Exercise aim: Since only part of the material below is wanted, output exactly the lines from the one with "(intro Im_eq_0) linarith" up to and including the one with "proof (rule cSup_upper)".
===
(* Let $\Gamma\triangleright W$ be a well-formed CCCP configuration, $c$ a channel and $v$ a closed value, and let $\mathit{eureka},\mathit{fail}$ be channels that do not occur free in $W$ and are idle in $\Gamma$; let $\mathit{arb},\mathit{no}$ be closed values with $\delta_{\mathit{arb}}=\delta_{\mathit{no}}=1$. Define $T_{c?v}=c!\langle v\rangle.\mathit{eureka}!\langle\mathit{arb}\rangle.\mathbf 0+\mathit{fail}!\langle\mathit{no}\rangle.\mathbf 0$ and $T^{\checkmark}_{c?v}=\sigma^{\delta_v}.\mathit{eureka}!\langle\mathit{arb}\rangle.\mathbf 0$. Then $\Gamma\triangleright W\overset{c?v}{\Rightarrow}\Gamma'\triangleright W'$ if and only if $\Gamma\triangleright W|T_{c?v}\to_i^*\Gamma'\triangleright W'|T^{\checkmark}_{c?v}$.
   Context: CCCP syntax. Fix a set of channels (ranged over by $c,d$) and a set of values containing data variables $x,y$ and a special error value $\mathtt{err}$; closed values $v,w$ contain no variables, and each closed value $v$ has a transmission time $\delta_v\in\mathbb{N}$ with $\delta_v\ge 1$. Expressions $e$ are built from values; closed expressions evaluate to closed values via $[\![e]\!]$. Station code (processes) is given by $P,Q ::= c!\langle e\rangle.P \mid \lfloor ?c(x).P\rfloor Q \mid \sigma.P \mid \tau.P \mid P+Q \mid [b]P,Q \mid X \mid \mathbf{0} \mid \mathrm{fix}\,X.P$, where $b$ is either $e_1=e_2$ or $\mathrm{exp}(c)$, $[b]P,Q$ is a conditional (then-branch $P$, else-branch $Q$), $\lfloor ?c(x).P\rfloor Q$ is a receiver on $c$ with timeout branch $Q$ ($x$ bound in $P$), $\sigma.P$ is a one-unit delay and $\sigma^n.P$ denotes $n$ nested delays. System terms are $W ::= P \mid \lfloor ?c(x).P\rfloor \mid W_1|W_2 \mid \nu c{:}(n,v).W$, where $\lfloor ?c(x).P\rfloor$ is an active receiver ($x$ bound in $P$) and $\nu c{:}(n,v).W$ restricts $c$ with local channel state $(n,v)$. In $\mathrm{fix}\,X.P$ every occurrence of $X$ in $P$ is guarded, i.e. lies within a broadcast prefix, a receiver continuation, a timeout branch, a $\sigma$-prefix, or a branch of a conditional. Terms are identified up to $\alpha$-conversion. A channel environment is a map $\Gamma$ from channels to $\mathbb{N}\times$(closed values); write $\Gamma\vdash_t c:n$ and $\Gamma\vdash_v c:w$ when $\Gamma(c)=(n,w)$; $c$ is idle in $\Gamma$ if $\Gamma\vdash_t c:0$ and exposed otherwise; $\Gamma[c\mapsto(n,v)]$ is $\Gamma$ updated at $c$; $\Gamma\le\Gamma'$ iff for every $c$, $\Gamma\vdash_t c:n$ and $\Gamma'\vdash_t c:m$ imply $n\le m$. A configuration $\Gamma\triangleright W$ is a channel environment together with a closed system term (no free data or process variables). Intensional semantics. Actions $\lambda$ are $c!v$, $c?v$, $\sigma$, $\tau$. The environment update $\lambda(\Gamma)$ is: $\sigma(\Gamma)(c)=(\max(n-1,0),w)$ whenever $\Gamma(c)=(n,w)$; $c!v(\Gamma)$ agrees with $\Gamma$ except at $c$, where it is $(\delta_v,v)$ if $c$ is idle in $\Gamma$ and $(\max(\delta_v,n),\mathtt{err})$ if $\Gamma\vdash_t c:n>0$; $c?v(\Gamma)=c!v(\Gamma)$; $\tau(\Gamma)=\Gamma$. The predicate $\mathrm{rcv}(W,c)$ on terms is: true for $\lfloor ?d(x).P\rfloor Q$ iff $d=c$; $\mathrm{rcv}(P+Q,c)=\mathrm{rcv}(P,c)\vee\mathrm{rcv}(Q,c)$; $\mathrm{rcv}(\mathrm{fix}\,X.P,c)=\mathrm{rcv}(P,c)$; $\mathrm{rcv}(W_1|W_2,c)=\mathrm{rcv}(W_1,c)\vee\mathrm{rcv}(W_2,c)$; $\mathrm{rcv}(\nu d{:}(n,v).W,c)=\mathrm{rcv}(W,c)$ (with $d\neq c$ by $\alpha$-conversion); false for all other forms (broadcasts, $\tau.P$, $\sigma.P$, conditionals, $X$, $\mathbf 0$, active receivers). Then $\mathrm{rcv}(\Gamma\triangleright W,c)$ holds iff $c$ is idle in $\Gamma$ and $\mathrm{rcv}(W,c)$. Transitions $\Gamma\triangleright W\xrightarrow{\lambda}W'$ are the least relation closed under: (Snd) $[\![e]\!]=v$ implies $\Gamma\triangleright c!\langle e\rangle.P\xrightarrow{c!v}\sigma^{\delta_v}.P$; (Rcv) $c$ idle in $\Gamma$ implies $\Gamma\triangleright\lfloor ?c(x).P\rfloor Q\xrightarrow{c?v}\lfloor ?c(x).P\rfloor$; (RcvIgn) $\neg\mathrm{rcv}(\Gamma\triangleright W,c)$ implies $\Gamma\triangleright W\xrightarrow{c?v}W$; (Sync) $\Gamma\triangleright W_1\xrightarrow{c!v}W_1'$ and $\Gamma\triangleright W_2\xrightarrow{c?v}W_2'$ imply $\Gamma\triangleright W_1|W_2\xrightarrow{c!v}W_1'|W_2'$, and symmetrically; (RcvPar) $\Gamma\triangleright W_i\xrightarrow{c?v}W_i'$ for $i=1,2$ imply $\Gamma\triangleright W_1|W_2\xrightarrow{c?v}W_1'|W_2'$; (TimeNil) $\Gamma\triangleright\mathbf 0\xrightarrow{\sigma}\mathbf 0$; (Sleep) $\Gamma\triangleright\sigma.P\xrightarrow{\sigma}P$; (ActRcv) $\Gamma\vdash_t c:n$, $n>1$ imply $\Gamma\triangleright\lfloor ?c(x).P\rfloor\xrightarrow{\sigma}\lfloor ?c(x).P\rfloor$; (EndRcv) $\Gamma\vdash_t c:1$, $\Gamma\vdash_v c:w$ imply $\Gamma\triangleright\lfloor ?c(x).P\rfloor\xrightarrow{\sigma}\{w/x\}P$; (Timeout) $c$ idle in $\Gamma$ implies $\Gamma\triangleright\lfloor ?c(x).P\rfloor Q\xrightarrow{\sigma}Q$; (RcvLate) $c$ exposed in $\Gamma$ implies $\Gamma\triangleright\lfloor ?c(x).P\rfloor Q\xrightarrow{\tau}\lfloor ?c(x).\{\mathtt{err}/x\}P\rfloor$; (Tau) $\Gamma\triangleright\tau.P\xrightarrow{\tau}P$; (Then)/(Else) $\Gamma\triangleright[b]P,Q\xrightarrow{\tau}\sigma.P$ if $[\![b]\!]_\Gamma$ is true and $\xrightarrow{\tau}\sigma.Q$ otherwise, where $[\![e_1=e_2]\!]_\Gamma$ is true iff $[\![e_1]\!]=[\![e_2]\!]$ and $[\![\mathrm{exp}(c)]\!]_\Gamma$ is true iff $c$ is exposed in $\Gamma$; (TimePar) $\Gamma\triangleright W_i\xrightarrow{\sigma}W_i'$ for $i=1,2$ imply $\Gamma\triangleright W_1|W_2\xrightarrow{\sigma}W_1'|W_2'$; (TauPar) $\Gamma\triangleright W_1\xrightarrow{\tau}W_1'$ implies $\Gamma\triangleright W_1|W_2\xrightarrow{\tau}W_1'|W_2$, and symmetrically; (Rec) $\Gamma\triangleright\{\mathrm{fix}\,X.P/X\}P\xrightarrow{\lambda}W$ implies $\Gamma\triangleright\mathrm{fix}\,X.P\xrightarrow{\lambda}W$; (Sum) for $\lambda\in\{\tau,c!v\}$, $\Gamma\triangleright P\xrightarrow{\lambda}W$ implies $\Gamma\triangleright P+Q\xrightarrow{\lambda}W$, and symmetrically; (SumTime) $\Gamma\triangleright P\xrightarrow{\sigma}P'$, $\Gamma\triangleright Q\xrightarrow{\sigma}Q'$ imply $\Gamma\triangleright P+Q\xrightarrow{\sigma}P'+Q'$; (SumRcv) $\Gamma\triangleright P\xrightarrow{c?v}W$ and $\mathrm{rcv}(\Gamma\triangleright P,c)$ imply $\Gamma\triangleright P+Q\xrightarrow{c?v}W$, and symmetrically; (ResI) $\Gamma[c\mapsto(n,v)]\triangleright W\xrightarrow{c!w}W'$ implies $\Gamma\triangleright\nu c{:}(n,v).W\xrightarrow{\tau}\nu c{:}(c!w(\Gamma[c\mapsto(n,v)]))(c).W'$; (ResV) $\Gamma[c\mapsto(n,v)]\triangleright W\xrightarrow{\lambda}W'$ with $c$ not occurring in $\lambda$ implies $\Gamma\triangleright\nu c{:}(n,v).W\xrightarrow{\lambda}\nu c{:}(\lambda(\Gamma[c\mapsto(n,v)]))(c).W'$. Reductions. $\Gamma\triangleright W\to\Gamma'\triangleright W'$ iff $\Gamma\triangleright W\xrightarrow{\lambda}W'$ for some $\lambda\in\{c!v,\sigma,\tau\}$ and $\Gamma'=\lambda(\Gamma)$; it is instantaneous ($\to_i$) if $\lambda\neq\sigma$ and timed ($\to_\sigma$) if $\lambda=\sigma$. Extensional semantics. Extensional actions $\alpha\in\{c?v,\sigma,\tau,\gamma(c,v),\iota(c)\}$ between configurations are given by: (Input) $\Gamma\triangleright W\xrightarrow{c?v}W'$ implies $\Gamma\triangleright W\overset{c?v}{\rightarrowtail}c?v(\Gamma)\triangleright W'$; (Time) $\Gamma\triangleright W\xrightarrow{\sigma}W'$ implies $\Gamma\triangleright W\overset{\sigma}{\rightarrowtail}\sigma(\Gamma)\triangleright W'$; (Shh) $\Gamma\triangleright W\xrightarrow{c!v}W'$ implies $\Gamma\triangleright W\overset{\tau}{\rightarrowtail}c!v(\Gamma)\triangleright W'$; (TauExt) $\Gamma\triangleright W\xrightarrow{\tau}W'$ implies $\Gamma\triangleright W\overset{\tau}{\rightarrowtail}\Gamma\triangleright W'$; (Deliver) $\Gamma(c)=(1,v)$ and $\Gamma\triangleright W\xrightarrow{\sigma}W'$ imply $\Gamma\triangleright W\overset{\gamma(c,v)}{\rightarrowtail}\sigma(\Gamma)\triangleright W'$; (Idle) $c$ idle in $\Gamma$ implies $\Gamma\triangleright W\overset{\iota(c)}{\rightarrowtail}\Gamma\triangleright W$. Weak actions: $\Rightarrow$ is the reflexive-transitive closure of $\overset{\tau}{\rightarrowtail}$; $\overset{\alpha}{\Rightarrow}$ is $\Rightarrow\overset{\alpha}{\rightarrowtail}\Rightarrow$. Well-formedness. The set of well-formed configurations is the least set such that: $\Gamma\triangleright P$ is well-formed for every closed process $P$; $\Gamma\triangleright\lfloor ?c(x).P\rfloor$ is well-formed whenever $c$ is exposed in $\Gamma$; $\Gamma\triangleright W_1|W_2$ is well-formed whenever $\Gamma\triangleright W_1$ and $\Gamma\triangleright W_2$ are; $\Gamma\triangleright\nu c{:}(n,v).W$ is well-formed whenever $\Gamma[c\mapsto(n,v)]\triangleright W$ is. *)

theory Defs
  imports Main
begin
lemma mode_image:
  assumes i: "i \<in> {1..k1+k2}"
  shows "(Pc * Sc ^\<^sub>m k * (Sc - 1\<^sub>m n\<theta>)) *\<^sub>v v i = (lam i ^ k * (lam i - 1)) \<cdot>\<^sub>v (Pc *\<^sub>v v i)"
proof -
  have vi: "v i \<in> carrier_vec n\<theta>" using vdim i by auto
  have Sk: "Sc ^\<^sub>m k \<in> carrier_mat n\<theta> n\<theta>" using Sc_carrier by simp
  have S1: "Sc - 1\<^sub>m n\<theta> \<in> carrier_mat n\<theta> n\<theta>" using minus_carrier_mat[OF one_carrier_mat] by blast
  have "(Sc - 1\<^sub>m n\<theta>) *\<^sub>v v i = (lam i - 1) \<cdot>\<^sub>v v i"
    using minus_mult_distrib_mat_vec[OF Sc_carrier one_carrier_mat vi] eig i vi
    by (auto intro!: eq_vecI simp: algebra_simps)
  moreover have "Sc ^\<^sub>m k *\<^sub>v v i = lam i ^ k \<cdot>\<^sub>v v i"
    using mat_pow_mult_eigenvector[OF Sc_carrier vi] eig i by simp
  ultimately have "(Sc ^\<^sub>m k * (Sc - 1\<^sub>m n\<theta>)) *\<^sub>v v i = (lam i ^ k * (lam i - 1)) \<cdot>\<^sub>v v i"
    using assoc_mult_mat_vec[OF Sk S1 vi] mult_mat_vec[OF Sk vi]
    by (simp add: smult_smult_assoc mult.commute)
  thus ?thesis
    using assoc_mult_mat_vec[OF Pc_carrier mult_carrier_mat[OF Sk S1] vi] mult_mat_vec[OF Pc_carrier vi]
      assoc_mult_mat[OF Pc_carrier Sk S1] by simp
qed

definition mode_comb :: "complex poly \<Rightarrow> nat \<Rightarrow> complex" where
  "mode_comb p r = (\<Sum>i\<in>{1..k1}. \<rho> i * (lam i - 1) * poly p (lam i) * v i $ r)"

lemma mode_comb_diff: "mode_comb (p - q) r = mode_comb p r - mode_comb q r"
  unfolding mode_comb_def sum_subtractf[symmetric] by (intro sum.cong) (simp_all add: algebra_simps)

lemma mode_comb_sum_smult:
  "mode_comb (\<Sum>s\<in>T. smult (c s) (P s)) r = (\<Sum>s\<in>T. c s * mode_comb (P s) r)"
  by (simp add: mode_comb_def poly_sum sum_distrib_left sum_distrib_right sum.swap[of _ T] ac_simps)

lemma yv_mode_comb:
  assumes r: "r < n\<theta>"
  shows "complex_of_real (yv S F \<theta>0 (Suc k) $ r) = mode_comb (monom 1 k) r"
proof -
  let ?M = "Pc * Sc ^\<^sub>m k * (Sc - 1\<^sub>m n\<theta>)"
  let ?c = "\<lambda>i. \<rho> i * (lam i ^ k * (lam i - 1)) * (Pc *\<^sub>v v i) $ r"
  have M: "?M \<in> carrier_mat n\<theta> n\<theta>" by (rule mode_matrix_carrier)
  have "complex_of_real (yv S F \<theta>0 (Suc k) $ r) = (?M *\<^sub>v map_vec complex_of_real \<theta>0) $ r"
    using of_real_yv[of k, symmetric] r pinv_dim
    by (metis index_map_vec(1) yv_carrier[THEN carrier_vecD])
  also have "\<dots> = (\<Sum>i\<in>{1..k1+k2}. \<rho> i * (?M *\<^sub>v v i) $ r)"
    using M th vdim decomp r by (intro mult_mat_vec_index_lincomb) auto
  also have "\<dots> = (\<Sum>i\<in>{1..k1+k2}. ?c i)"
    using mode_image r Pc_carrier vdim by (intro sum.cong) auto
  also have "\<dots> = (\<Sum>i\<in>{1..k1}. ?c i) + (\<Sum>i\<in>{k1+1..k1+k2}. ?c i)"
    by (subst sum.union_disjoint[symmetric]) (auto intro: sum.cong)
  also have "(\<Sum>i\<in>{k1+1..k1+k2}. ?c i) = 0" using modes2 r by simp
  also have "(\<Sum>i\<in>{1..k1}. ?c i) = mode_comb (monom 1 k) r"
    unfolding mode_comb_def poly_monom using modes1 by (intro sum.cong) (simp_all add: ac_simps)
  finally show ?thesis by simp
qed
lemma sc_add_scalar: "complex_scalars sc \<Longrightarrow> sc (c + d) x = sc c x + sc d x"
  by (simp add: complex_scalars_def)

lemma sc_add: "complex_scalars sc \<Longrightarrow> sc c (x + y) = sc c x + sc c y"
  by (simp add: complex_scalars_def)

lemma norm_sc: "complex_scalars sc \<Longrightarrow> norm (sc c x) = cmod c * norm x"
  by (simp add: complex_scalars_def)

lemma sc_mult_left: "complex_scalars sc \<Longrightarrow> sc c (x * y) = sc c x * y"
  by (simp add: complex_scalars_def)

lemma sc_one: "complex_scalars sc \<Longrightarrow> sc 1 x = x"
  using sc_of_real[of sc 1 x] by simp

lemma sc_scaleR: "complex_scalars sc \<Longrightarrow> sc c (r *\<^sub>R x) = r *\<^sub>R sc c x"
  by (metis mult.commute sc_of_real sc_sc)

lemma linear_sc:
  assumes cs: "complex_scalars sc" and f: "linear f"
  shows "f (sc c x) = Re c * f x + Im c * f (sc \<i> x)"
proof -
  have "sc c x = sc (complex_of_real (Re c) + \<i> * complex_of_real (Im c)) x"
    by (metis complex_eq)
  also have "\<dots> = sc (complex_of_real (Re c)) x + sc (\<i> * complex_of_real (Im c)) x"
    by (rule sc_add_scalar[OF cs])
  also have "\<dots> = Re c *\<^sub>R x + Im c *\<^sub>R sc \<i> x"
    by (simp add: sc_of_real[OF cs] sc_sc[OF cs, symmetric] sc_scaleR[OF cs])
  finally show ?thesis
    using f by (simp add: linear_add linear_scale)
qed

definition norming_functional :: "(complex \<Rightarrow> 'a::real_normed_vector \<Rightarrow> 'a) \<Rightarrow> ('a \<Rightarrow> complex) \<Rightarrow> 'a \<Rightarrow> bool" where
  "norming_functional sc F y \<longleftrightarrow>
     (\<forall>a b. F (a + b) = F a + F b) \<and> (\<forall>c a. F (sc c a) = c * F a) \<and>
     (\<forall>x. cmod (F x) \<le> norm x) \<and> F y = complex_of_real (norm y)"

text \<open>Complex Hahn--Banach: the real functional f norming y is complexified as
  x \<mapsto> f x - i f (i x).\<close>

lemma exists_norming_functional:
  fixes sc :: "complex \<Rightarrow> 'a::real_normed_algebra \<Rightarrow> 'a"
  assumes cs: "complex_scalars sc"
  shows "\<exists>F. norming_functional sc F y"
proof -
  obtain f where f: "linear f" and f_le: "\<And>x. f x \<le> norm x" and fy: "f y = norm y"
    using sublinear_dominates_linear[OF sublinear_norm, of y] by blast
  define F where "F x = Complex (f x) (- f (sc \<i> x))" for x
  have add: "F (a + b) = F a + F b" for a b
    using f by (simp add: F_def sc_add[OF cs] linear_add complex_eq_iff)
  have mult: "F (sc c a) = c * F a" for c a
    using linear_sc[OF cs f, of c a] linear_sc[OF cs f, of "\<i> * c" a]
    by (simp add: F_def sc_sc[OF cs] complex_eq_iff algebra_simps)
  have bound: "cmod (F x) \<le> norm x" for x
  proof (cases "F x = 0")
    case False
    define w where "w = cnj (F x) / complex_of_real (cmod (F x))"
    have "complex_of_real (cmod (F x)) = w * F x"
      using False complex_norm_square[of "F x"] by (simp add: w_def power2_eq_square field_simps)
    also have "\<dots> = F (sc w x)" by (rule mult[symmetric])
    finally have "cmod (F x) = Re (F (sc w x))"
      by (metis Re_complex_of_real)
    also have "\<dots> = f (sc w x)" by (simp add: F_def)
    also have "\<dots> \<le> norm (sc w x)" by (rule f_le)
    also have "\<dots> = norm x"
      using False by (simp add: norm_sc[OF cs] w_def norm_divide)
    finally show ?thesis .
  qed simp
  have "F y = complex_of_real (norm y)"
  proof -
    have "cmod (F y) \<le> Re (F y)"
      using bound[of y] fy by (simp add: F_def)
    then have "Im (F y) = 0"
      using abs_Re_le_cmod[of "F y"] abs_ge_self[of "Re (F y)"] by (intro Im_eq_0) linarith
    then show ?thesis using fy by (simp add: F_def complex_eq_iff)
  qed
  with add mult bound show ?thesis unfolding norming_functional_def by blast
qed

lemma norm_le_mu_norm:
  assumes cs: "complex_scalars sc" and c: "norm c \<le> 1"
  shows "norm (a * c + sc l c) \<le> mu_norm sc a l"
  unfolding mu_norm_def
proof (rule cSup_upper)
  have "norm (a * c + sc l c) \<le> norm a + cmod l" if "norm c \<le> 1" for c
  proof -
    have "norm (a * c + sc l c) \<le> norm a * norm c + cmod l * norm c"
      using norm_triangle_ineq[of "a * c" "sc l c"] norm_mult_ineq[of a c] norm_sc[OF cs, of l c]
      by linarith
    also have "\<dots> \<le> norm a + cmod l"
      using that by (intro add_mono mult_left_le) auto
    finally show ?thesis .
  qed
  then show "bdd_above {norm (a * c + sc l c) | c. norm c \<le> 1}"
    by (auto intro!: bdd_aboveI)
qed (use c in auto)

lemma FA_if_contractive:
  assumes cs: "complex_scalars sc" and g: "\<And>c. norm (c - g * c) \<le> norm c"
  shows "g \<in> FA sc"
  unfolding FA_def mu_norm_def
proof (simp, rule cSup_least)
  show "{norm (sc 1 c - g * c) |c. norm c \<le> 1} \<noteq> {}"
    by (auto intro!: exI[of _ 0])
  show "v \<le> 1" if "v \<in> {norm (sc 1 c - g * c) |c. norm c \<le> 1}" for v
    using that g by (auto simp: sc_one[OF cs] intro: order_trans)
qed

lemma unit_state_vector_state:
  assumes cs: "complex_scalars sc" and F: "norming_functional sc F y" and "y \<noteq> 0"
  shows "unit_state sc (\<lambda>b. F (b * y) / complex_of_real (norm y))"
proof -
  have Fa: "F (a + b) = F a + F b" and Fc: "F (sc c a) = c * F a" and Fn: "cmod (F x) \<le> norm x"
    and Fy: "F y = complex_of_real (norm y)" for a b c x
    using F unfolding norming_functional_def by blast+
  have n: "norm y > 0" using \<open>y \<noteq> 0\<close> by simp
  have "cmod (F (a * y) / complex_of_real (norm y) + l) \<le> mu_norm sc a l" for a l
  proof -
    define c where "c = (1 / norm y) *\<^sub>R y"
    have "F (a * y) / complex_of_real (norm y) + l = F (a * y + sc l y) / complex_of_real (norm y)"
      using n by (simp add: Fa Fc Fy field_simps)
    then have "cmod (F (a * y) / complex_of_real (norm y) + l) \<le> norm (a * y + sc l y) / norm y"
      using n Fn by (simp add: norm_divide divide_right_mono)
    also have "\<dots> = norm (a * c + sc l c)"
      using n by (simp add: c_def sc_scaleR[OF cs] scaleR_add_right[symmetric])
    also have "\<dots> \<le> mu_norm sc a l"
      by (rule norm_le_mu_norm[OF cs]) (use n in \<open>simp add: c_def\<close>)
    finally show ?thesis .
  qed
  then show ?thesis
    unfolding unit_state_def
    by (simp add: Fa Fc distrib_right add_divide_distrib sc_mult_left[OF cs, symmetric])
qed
===
Response area:
      using abs_Re_le_cmod[of "F y"] abs_ge_self[of "Re (F y)"] by (intro Im_eq_0) linarith
    then show ?thesis using fy by (simp add: F_def complex_eq_iff)
  qed
  with add mult bound show ?thesis unfolding norming_functional_def by blast
qed

lemma norm_le_mu_norm:
  assumes cs: "complex_scalars sc" and c: "norm c \<le> 1"
  shows "norm (a * c + sc l c) \<le> mu_norm sc a l"
  unfolding mu_norm_def
proof (rule cSup_upper)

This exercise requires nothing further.